The 17-member New Jersey business delegation to Israel also included New Jersey City University (NJCU), New Jersey Innovation Institute and Rutgers. The delegation held meetings with industry leaders and entrepreneurs—including representatives of logistics, life sciences, technology, financial services industries and others seeking growth opportunities in New Jersey.

Levenson, a West Orange resident, said during the trip NJCU signed a letter of intent with the Port of Ashdod, which will help bring startup companies to the Jersey City educational institution and potential pilot programs and other opportunities at New Jersey ports. Among the November 15 signatories was NJCU President Dr. Sue Henderson.

Levenson said it was particularly significant that Holloway flew to Israel to sign the memorandum in person because it marked the first time in the university’s 255-year history that a Rutgers president had visited Israel in an official capacity. After the signing ceremony he and Porat walked the campus together.

“These are massive signature projects that are really game-changing agreements,” said Levenson in a phone conversation with The Jewish Link. “It really shows we are leading the nation in terms of a relationship with Israel.”

NJ-Israel Commission Executive Director Andrew Gross told the Jewish Link the deal between TAU and Rutgers is the culmination of four years of planning that began when Murphy first visited Israel shortly after becoming governor and struck up a relationship with the previous TAU president.

“Tel Aviv University is one of the great universities of the world that will partner with Rutgers, another globally renowned university, to conduct research and collaborate on subject areas and make and publish discoveries together,” said Gross. “This agreement essentially establishes a branch of Tel Aviv University in New Jersey.”

The universities will form a research grant program providing seed funding for up to five research projects across disciplines. Each project will have one principal investigator from Rutgers and another from TAU who will be chosen by a selection committee.

“When we walked the campus with president Porat and Holloway, we saw not only the research and other developments there, but also that its campus reflects the diversity of Israel,” said Gross. “We saw students from all walks of life—Jews, Muslims, Christians, Druze. To see this diverse student body living and studying together was very inspirational.”

He said that the collaboration could potentially be worth millions of dollars in federal research grants and other opportunities.

Levenson said the two universities had already established a relationship over 2020 and into the beginning of this year, including diverse monthly symposiums between professors on such subjects as COVID-19, security, gene therapy, nano material and ancient and modern identities in Yemen.

Among a host of other meetings the delegation held during its Israel excursion was a visit to Ben-Gurion University of the Negev (BGU) to tour its Advanced Technology Park and discuss additional partnership opportunities, building on the partnership announced in March between BGU and the New Jersey Institute of Technology to create a world-class Institute for Future Technologies in New Jersey that will offer dual degrees and new research opportunities.

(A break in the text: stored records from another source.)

section \<open>A-bounded operators\<close>

lemma doubling_sequence_bound:
  fixes k :: "nat \<Rightarrow> real"
  assumes "0 \<le> c" and "0 \<le> K"
    and step: "\<And>n. (k n)\<^sup>2 \<le> k (Suc n) * c" and growth: "\<And>n. k n \<le> L * K ^ 2 ^ n"
  shows "k 0 \<le> K * c"
proof (rule ccontr)
  assume "\<not> k 0 \<le> K * c"
  hence big: "K * c < k 0" by simp
  have "c \<noteq> 0" using step[of 0] big by auto
  moreover have "K \<noteq> 0" using growth[of 0] big by auto
  ultimately have "0 < c" "0 < K" using assms by auto
  define r where "r = k 0 / (K * c)"
  have "1 < r" using big \<open>0 < c\<close> \<open>0 < K\<close> by (simp add: r_def)
  have lower: "(r * K) ^ 2 ^ n * c \<le> k n" for n
  proof (induction n)
    case 0
    show ?case using \<open>0 < c\<close> \<open>0 < K\<close> by (simp add: r_def)
  next
    case (Suc n)
    have "((r * K) ^ 2 ^ n * c)\<^sup>2 \<le> (k n)\<^sup>2"
      using Suc.IH \<open>1 < r\<close> \<open>0 < K\<close> \<open>0 < c\<close> by (intro power_mono) auto
    also have "\<dots> \<le> k (Suc n) * c" by (rule step)
    also have "((r * K) ^ 2 ^ n * c)\<^sup>2 = ((r * K) ^ 2 ^ Suc n * c) * c"
      by (simp add: power2_eq_square power_add[symmetric] mult_2[symmetric] mult_ac)
    finally show ?case using \<open>0 < c\<close> by simp
  qed
  obtain n where "L / c < r ^ n" using real_arch_pow[OF \<open>1 < r\<close>] by blast
  also have "r ^ n \<le> r ^ 2 ^ n"
    using \<open>1 < r\<close> by (intro power_increasing) (auto intro: less_imp_le less_exp)
  also have "r ^ 2 ^ n \<le> L / c"
  proof -
    have "K ^ 2 ^ n * (c * r ^ 2 ^ n) \<le> K ^ 2 ^ n * L"
      using lower[of n] growth[of n] by (simp add: power_mult_distrib mult_ac)
    hence "c * r ^ 2 ^ n \<le> L" using \<open>0 < K\<close> by (simp add: mult_le_cancel_left_pos)
    thus ?thesis using \<open>0 < c\<close> by (simp add: field_simps)
  qed
  finally show False by simp
qed

definition BAhalf :: "('a::complex_inner \<Rightarrow> 'a) \<Rightarrow> ('a \<Rightarrow> 'a) set" where
  "BAhalf A = {T. \<exists>c>0. \<forall>x. normA A (T x) \<le> c * normA A x}"

context positive_operator
begin

lemma normA_le_norm: "\<exists>K\<ge>0. \<forall>y. normA A y \<le> K * norm y"
proof -
  obtain K where "K \<ge> 0" and K: "\<And>x. norm (A x) \<le> K * norm x"
    using bounded_clinear_bound[OF bounded_clinear_A] by blast
  have "(normA A y)\<^sup>2 \<le> (sqrt K * norm y)\<^sup>2" for y
  proof -
    have "(normA A y)\<^sup>2 \<le> norm (A y) * norm y"
      using cinner.Cauchy_Schwarz[of "A y" y] complex_Re_le_cmod[of "ipA A y y"]
      by (simp add: A.snorm_square ipA_def)
    also have "\<dots> \<le> K * norm y * norm y" using K by (simp add: mult_right_mono)
    also have "\<dots> = (sqrt K * norm y)\<^sup>2"
      using \<open>K \<ge> 0\<close> by (simp add: power_mult_distrib power2_eq_square[of "norm y"])
    finally show ?thesis .
  qed
  hence "normA A y \<le> sqrt K * norm y" for y
    by (rule power2_le_imp_le) (simp add: \<open>K \<ge> 0\<close>)
  thus ?thesis using \<open>K \<ge> 0\<close> by (intro exI[of _ "sqrt K"]) simp
qed

lemma ipA_funpow_selfadjoint:
  assumes "\<And>x y. ipA A (B x) y = ipA A x (B y)"
  shows "ipA A ((B ^^ m) x) y = ipA A x ((B ^^ m) y)"
proof (induction m arbitrary: x)
  case (Suc m)
  have "ipA A ((B ^^ Suc m) x) y = ipA A ((B ^^ m) (B x)) y" by (simp only: funpow_Suc_right comp_apply)
  also have "\<dots> = ipA A x (B ((B ^^ m) y))" by (simp add: Suc.IH assms)
  finally show ?case by simp
qed simp

text \<open>Lax's theorem on symmetrizable operators, proved by comparing the A-seminorms of the
  iterates B^(2^n) x.\<close>
lemma normA_bound_if_selfadjoint:
  assumes selfadjoint: "\<And>x y. ipA A (B x) y = ipA A x (B y)"
    and bounded: "\<And>x. norm (B x) \<le> K * norm x" and "0 \<le> K"
  shows "normA A (B x) \<le> K * normA A x"
proof -
  obtain KA where "KA \<ge> 0" and KA: "\<And>y. normA A y \<le> KA * norm y" using normA_le_norm by blast
  have norm_pow: "norm ((B ^^ m) x) \<le> K ^ m * norm x" for m
  proof (induction m)
    case (Suc m)
    have "norm ((B ^^ Suc m) x) \<le> K * norm ((B ^^ m) x)" using bounded by simp
    also have "\<dots> \<le> K * (K ^ m * norm x)" using Suc.IH \<open>0 \<le> K\<close> by (rule mult_left_mono)
    finally show ?case by simp
  qed simp
  define k where "k n = normA A ((B ^^ 2 ^ n) x)" for n
  have "k 0 \<le> K * normA A x"
  proof (rule doubling_sequence_bound)
    fix n
    have "(k n)\<^sup>2 = Re (ipA A x ((B ^^ 2 ^ Suc n) x))"
      by (simp add: k_def A.snorm_square ipA_funpow_selfadjoint[OF selfadjoint] funpow_add mult_2)
    also have "\<dots> \<le> k (Suc n) * normA A x"
      using A.Cauchy_Schwarz complex_Re_le_cmod by (metis k_def mult.commute order_trans)
    finally show "(k n)\<^sup>2 \<le> k (Suc n) * normA A x" .
    have "k n \<le> KA * (K ^ 2 ^ n * norm x)"
      unfolding k_def using KA norm_pow \<open>KA \<ge> 0\<close> by (meson mult_left_mono order_trans)
    thus "k n \<le> KA * norm x * K ^ 2 ^ n" by (simp add: mult_ac)
  qed (simp_all add: \<open>0 \<le> K\<close> A.snorm_nonneg)
  thus ?thesis by (simp add: k_def)
qed

lemma BA_subset_BAhalf: "BA A \<subseteq> BAhalf A"
proof
  fix T assume T: "T \<in> BA A"
  obtain K1 where "K1 \<ge> 0" and K1: "\<And>x. norm (T x) \<le> K1 * norm x"
    using bounded_clinear_bound[of T] T unfolding BA_def by blast
  obtain K2 where "K2 \<ge> 0" and K2: "\<And>x. norm (sharpA A T x) \<le> K2 * norm x"
    using bounded_clinear_bound[OF sharpA_spec(1)[OF T]] by blast
  have "normA A (sharpA A T (T x)) \<le> K2 * K1 * normA A x" for x
  proof (rule normA_bound_if_selfadjoint)
    show "ipA A (sharpA A T (T x)) y = ipA A x (sharpA A T (T y))" for x y
      by (simp add: ipA_sharpA_left[OF T] ipA_sharpA_right[OF T])
    show "norm (sharpA A T (T x)) \<le> K2 * K1 * norm x" for x
      using K1 K2 \<open>K2 \<ge> 0\<close> by (metis mult.assoc mult_left_mono order_trans)
  qed (simp add: \<open>K1 \<ge> 0\<close> \<open>K2 \<ge> 0\<close>)
  have "(normA A (T x))\<^sup>2 \<le> (sqrt (K2 * K1 + 1) * normA A x)\<^sup>2" for x
  proof -
    have "(normA A (T x))\<^sup>2 = Re (ipA A x (sharpA A T (T x)))"
      by (simp add: A.snorm_square ipA_sharpA_right[OF T])
    also have "\<dots> \<le> normA A x * normA A (sharpA A T (T x))"
      using A.Cauchy_Schwarz complex_Re_le_cmod order_trans by blast
    also have "\<dots> \<le> normA A x * (K2 * K1 * normA A x)"
      by (intro mult_left_mono \<open>normA A (sharpA A T (T x)) \<le> _\<close> A.snorm_nonneg)
    also have "\<dots> \<le> (K2 * K1 + 1) * (normA A x)\<^sup>2"
      by (simp add: power2_eq_square algebra_simps)
    also have "\<dots> = (sqrt (K2 * K1 + 1) * normA A x)\<^sup>2"
      using \<open>K1 \<ge> 0\<close> \<open>K2 \<ge> 0\<close> by (simp add: power_mult_distrib)
    finally show ?thesis .
  qed
  hence "normA A (T x) \<le> sqrt (K2 * K1 + 1) * normA A x" for x
    by (rule power2_le_imp_le) (simp add: \<open>K1 \<ge> 0\<close> \<open>K2 \<ge> 0\<close> A.snorm_nonneg)
  moreover have "0 < sqrt (K2 * K1 + 1)"
    using \<open>K1 \<ge> 0\<close> \<open>K2 \<ge> 0\<close> by (simp add: add_nonneg_pos)
  ultimately show "T \<in> BAhalf A" unfolding BAhalf_def by blast
qed

lemma sharpA_in_BAhalf:
  assumes T: "T \<in> BA A"
  shows "sharpA A T \<in> BAhalf A"
proof -
  obtain c where "c > 0" and c: "\<And>x. normA A (T x) \<le> c * normA A x"
    using BA_subset_BAhalf T unfolding BAhalf_def by blast
  have "normA A (sharpA A T x) \<le> c * normA A x" for x
  proof -
    define y where "y = sharpA A T x"
    have "(normA A y)\<^sup>2 = Re (ipA A x (T y))" by (simp add: y_def A.snorm_square ipA_sharpA_left[OF T])
    also have "\<dots> \<le> normA A x * normA A (T y)"
      using A.Cauchy_Schwarz complex_Re_le_cmod order_trans by blast
    also have "\<dots> \<le> normA A x * (c * normA A y)" by (intro mult_left_mono c A.snorm_nonneg)
    finally have "normA A y * normA A y \<le> (c * normA A x) * normA A y"
      by (simp add: power2_eq_square mult_ac)
    show ?thesis
    proof (cases "normA A y = 0")
      case True
      then show ?thesis using \<open>c > 0\<close> A.snorm_nonneg[of x] by (simp add: y_def)
    next
      case False
      hence "0 < normA A y" using A.snorm_nonneg[of y] by simp
      with mult_right_le_imp_le[OF \<open>normA A y * normA A y \<le> _\<close>] show ?thesis by (simp add: y_def)
    qed
  qed
  with \<open>c > 0\<close> show ?thesis unfolding BAhalf_def by blast
qed

lemma BAhalf_comp:
  assumes "S \<in> BAhalf A" and "T \<in> BAhalf A"
  shows "(\<lambda>x. S (T x)) \<in> BAhalf A"
proof -
  obtain c d where "c > 0" "d > 0" and c: "\<And>x. normA A (S x) \<le> c * normA A x"
    and d: "\<And>x. normA A (T x) \<le> d * normA A x"
    using assms unfolding BAhalf_def by blast
  have "normA A (S (T x)) \<le> (c * d) * normA A x" for x
  proof -
    have "normA A (S (T x)) \<le> c * normA A (T x)" by (rule c)
    also have "\<dots> \<le> c * (d * normA A x)" using \<open>c > 0\<close> by (intro mult_left_mono d) simp
    finally show ?thesis by (simp add: mult.assoc)
  qed
  with mult_pos_pos[OF \<open>c > 0\<close> \<open>d > 0\<close>] show ?thesis unfolding BAhalf_def by blast
qed

lemma BAhalf_add:
  assumes "S \<in> BAhalf A" and "T \<in> BAhalf A"
  shows "(\<lambda>x. S x + T x) \<in> BAhalf A"
proof -
  obtain c d where "c > 0" "d > 0" and c: "\<And>x. normA A (S x) \<le> c * normA A x"
    and d: "\<And>x. normA A (T x) \<le> d * normA A x"
    using assms unfolding BAhalf_def by blast
  have "normA A (S x + T x) \<le> (c + d) * normA A x" for x
    using A.snorm_triangle[of "S x" "T x"] c[of x] d[of x] by (simp add: distrib_right)
  with add_pos_pos[OF \<open>c > 0\<close> \<open>d > 0\<close>] show ?thesis unfolding BAhalf_def by blast
qed

lemma BAhalf_scaleC: "T \<in> BAhalf A \<Longrightarrow> (\<lambda>x. scaleC c (T x)) \<in> BAhalf A"
proof -
  assume "T \<in> BAhalf A"
  then obtain C where "C > 0" and C: "\<And>x. normA A (T x) \<le> C * normA A x" unfolding BAhalf_def by blast
  have "normA A (scaleC c (T x)) \<le> (cmod c * C + 1) * normA A x" for x
  proof -
    have "normA A (scaleC c (T x)) \<le> cmod c * (C * normA A x)"
      unfolding A.snorm_scale by (intro mult_left_mono C) simp
    also have "\<dots> \<le> (cmod c * C + 1) * normA A x"
      using A.snorm_nonneg[of x] by (simp add: distrib_right)
    finally show ?thesis .
  qed
  moreover have "0 < cmod c * C + 1" using \<open>C > 0\<close> by (simp add: add_nonneg_pos)
  ultimately show ?thesis unfolding BAhalf_def by blast
qed

lemma normA_le_opnormA:
  assumes "T \<in> BAhalf A" and "normA A u = 1"
  shows "normA A (T u) \<le> opnormA A T"
  unfolding opnormA_def
proof (rule cSup_upper)
  obtain c where c: "\<And>x. normA A (T x) \<le> c * normA A x" using assms(1) unfolding BAhalf_def by blast
  show "bdd_above {normA A (T x) |x. normA A x = 1}"
  proof (rule bdd_aboveI)
    fix t assume "t \<in> {normA A (T x) |x. normA A x = 1}"
    then obtain x where "t = normA A (T x)" "normA A x = 1" by blast
    then show "t \<le> c" using c[of x] by simp
  qed
qed (use assms(2) in blast)

lemma normA_normalize: "normA A x \<noteq> 0 \<Longrightarrow> normA A (scaleC (complex_of_real (1 / normA A x)) x) = 1"
  by (simp add: A.snorm_scale norm_divide abs_of_nonneg[OF A.snorm_nonneg])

Choose New Jersey and Rutgers University’s Office for Research also met with Israeli food and food tech companies to discuss New Jersey’s innovation ecosystem and investment opportunities. Tnuva, an Israeli global kosher food manufacturer whose American headquarters is in New Jersey, also launched a collaboration in March with the Rutgers University Food Innovation Center.

”Choose New Jersey has been a strong proponent for the Israel trade relationship for no other reason than it makes good sense for New Jersey and good sense for Israel,” said Levenson. “We share so many values. The state has one of the largest Jewish populations in the country, the fourth largest native Israeli population, and a lot of Israeli companies are located in New Jersey.”

In a prepared statement, Jose Lozano, President & CEO of Choose New Jersey, said, “New Jersey and Israel have a truly special relationship, and Choose New Jersey was proud to lead another delegation to Israel to further strengthen ties and forge new partnerships.”